Training purpose
- from daily_stocks.csv
- File import stock transaction data
- group the data
- Calculate the price of the stock, including the average maximum and minimum prices, average opening and closing prices
- Export calculated data
Training content
1. Understand the data
- The file daily_stocks.csv saves 65020 pieces of stock transaction data, and the descriptions of each column are as follows.
2. Environment preparation
- install pig
Tutorial recommendation https://blog.csdn.net/qq_42881421/article/details/84331794
- Start hadoop environment
- Start the grunt shell.
pig
3. Data upload
- Upload the data file daily_stocks.csv to the /pig_input directory of HDFS, and check whether the upload is successful.
hadoop fs -put ~/data/daily_stocks.csv /pig_input
hadoop fs -ls /pig_input
4. Load data
- Load the data from daily_stocks.csv into a relation named stock,
- Enter the following command in the grunt shell:
#注意自己设置的端口
stock = LOAD 'hdfs://hadoop102:8020/pig_input/daily_stocks.csv' USING PigStorage(',') as (exchange:chararray,symbol:chararray,date:chararray,stock_price_open:double,stock_price_high:double,stock_price_low:double,stock_price_close:double,stock_volume:double,stock_price_adj_close:double);
- And look at the first ten rows of the data:
5. Data grouping
- Group by exchange, save the result into a relation called stock_exc_grp and check the grouped result:
stock_exc_grp = GROUP stock BY exchange;
dump stock_exc_grp;
6. Count the number of exchanges
- According to the grouped data, count how many exchanges each stock is available for trading:
unique_symbols = FOREACH stock_exc_grp {symbols = stock.symbol;unique_symbol = DISTINCT symbols;GENERATE group, COUNT(unique_symbol);};
- Show results
dump unique_symbols;
7. Statistical average opening and closing prices
- Group the stock relationship by stock code (symbol), and count the average opening and closing prices of each stock:
stock_symbol_grp = GROUP stock BY symbol;
avg_stock_price_opens_closes = FOREACH stock_symbol_grp {stock_price_open = stock.stock_price_open;stock_price_close = stock.stock_price_close;GENERATE group, AVG(stock_price_open),AVG(stock_price_close); };
dump avg_stock_price_opens_closes;
8. Statistical average highest and lowest price
- Calculate the average highest and lowest price for each stock
avg_stock_price_high_low = FOREACH stock_symbol_grp {stock_price_high = stock.stock_price_high;stock_price_low = stock.stock_price_low;GENERATE group, AVG(stock_price_high),AVG(stock_price_low);};
dump avg_stock_price_high_low;
9. Export data
- Export avg_stock_price_high_low, avg_stock_price_opens_closes and unique_symbols to HDFS
file system
store unique_symbols into 'unique_symbols' using PigStorage(',');
store avg_stock_price_opens_closes into 'avg_stock_price_opens_colses' using PigStorage(',');
store avg_stock_price_high_low into 'avg_stock_price_high_low' using PigStorage(',');
- View exported data
hadoop fs -ls /user/root
hadoop fs -cat /user/root/unique_symbols/part-r-00000
Training summary
- Pig consists of two parts: a language for describing data flow, called Pig Latin; and an execution environment for running Pig Latin programs.

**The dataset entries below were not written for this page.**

(* Let $P,PA$ be labelings, $c$ a command and $\rho_1,\rho_2,\mu_1,\mu_2$ states. Assume $\mathtt b\notin\mathrm{UsedVars}(c)$, $\rho_1(\mathtt b)=\rho_2(\mathtt b)=0$, $|a|_{\mu_1}>0$ and $|a|_{\mu_2}>0$ for every array $a$, $P;PA\vdash_{ct}c$, $\rho_1\sim_P\rho_2$ and $\mu_1\sim_{PA}\mu_2$. Then $\langle\mathrm{SvSLH}_P(c),\rho_1,\mu_1,\mathtt{false}\rangle\approx_s\langle\mathrm{SvSLH}_P(c),\rho_2,\mu_2,\mathtt{false}\rangle$.
   Context: Language AWhile: scalar variables $X\in\mathcal V$, arrays $a\in\mathcal A$; $e::=n\mid X\mid\mathrm{op}_{\mathbb N}(e,\dots,e)\mid be\,?\,e_1:e_2$; $be::=\mathtt{true}\mid\mathtt{false}\mid\mathrm{cmp}(e,e)\mid\mathrm{op}_{\mathbb B}(be,\dots,be)$; $c::=\mathtt{skip}\mid X:=e\mid c_1;c_2\mid\mathtt{if}\ be\ \mathtt{then}\ c_1\ \mathtt{else}\ c_2\mid\mathtt{while}\ be\ \mathtt{do}\ c\mid X\leftarrow a[e]\mid a[e]\leftarrow e'$. Scalar state $\rho:\mathcal V\to\mathbb N$; array state $\mu$ with sizes $|a|_\mu$ and values $\mu(a)[i]$; $[\![\cdot]\!]_\rho$ pure evaluation. $\mathrm{UsedVars}(c)$: scalar variables occurring in $c$; $\mathtt b$ a reserved scalar variable. Speculative semantics: configurations $\langle c,\rho,\mu,\beta\rangle$; steps labelled by optional observation ($\mathrm{branch}(v),\mathrm{read}(a,i),\mathrm{write}(a,i)$) and optional directive ($\mathit{step},\mathit{force},\mathrm{load}(a',j),\mathrm{store}(a',j)$). $X:=e\to\mathtt{skip}$ updating $X$; $c_1;c_2\to c_1';c_2$ if $c_1\to c_1'$; $\mathtt{skip};c\to c$; $\mathtt{while}\ be\ \mathtt{do}\ c\to\mathtt{if}\ be\ \mathtt{then}\ (c;\mathtt{while}\ be\ \mathtt{do}\ c)\ \mathtt{else}\ \mathtt{skip}$ (no obs, no directive, flag kept). Conditional: $\mathit{step}$ goes to branch $v=[\![be]\!]_\rho$; $\mathit{force}$ goes to branch $\neg v$ and sets $\beta:=\mathtt{true}$; obs $\mathrm{branch}(v)$. $X\leftarrow a[ie]$: with $\mathit{step}$ needs $i=[\![ie]\!]_\rho<|a|_\mu$, $X:=\mu(a)[i]$; with $\mathrm{load}(a',j)$ needs $\beta=\mathtt{true}$, $i\ge|a|_\mu$, $j<|a'|_\mu$, $X:=\mu(a')[j]$; obs $\mathrm{read}(a,i)$. $a[ie]\leftarrow e$: with $\mathit{step}$ needs $i<|a|_\mu$, $\mu[a[i]\mapsto[\![e]\!]_\rho]$; with $\mathrm{store}(a',j)$ needs $\beta=\mathtt{true}$, $i\ge|a|_\mu$, $j<|a'|_\mu$, $\mu[a'[j]\mapsto[\![e]\!]_\rho]$; obs $\mathrm{write}(a,i)$. $\langle c_1,\rho_1,\mu_1,\beta_1\rangle\approx_s\langle c_2,\rho_2,\mu_2,\beta_2\rangle$ iff for all $D,O_1,O_2$, whenever both multi-step with the same directive list $D$ producing $O_1,O_2$, $O_1=O_2$. Labels: $\mathtt{true}$=public, $\mathtt{false}$=secret; $\ell_1\sqsubseteq\ell_2$ iff $\ell_2=\mathtt{true}\Rightarrow\ell_1=\mathtt{true}$. $P(e),P(be)$ public iff all variables occurring are public. $\rho_1\sim_P\rho_2$: agreement on public scalar variables; $\mu_1\sim_{PA}\mu_2$: agreement on sizes and contents of public arrays. CCT typing $P;PA\vdash_{ct}c$: $\mathtt{skip}$; $X:=e$ if $P(e)\sqsubseteq P(X)$; $c_1;c_2$ if both typed; $\mathtt{if}$ if $P(be)=\mathtt{true}$ and both branches typed; $\mathtt{while}$ if $P(be)=\mathtt{true}$ and body typed; $X\leftarrow a[i]$ if $P(i)=\mathtt{true}$ and $PA(a)\sqsubseteq P(X)$; $a[i]\leftarrow e$ if $P(i)=\mathtt{true}$ and $P(e)\sqsubseteq PA(a)$. Transformation $\mathrm{SvSLH}_P$: $\mathtt{skip}$, $X:=e$, $a[i]\leftarrow e$ unchanged; sequences translated componentwise; $\mathtt{if}\ be\ \mathtt{then}\ c_1\ \mathtt{else}\ c_2\mapsto\mathtt{if}\ be\ \mathtt{then}\ (\mathtt b:=be\,?\,\mathtt b:1;[\![c_1]\!])\ \mathtt{else}\ (\mathtt b:=be\,?\,1:\mathtt b;[\![c_2]\!])$; $\mathtt{while}\ be\ \mathtt{do}\ c\mapsto(\mathtt{while}\ be\ \mathtt{do}\ (\mathtt b:=be\,?\,\mathtt b:1;[\![c]\!]));\ \mathtt b:=be\,?\,1:\mathtt b$; $X\leftarrow a[i]\mapsto(X\leftarrow a[i];\ X:=(\mathtt b==1)\,?\,0:X)$ if $P(X)=\mathtt{true}$, and unchanged otherwise. *)

theory Defs
  imports Main
begin

type_synonym vname = string
type_synonym aname = string
type_synonym val = nat

datatype aexp =
    ANum nat
  | AVar vname
  | AOp "nat list \<Rightarrow> nat" "aexp list"
  | ACond bexp aexp aexp
and bexp =
    BTrue
  | BFalse
  | BCmp "nat \<Rightarrow> nat \<Rightarrow> bool" aexp aexp
  | BOp "bool list \<Rightarrow> bool" "bexp list"

datatype com =
    Skip
  | Asgn vname aexp
  | Seq com com
  | If bexp com com
  | While bexp com
  | ARead vname aname aexp
  | AWrite aname aexp aexp

type_synonym sstate = "vname \<Rightarrow> val"
type_synonym astate = "aname \<Rightarrow> val list"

- Pig is not suitable for all data processing tasks, like MapReduce, it is designed for data batch processing. If you only want to query a small part of a large data set, the implementation of pig will not be very good, because it will scan the entire data set or a large part of it.
- A Pig Latin program consists of a series of statements. Operations and commands are case-insensitive, while aliases and function names are case-sensitive.
- When Pig processes multi-line statements, Pig does not process data until the logical plan of the entire program is constructed.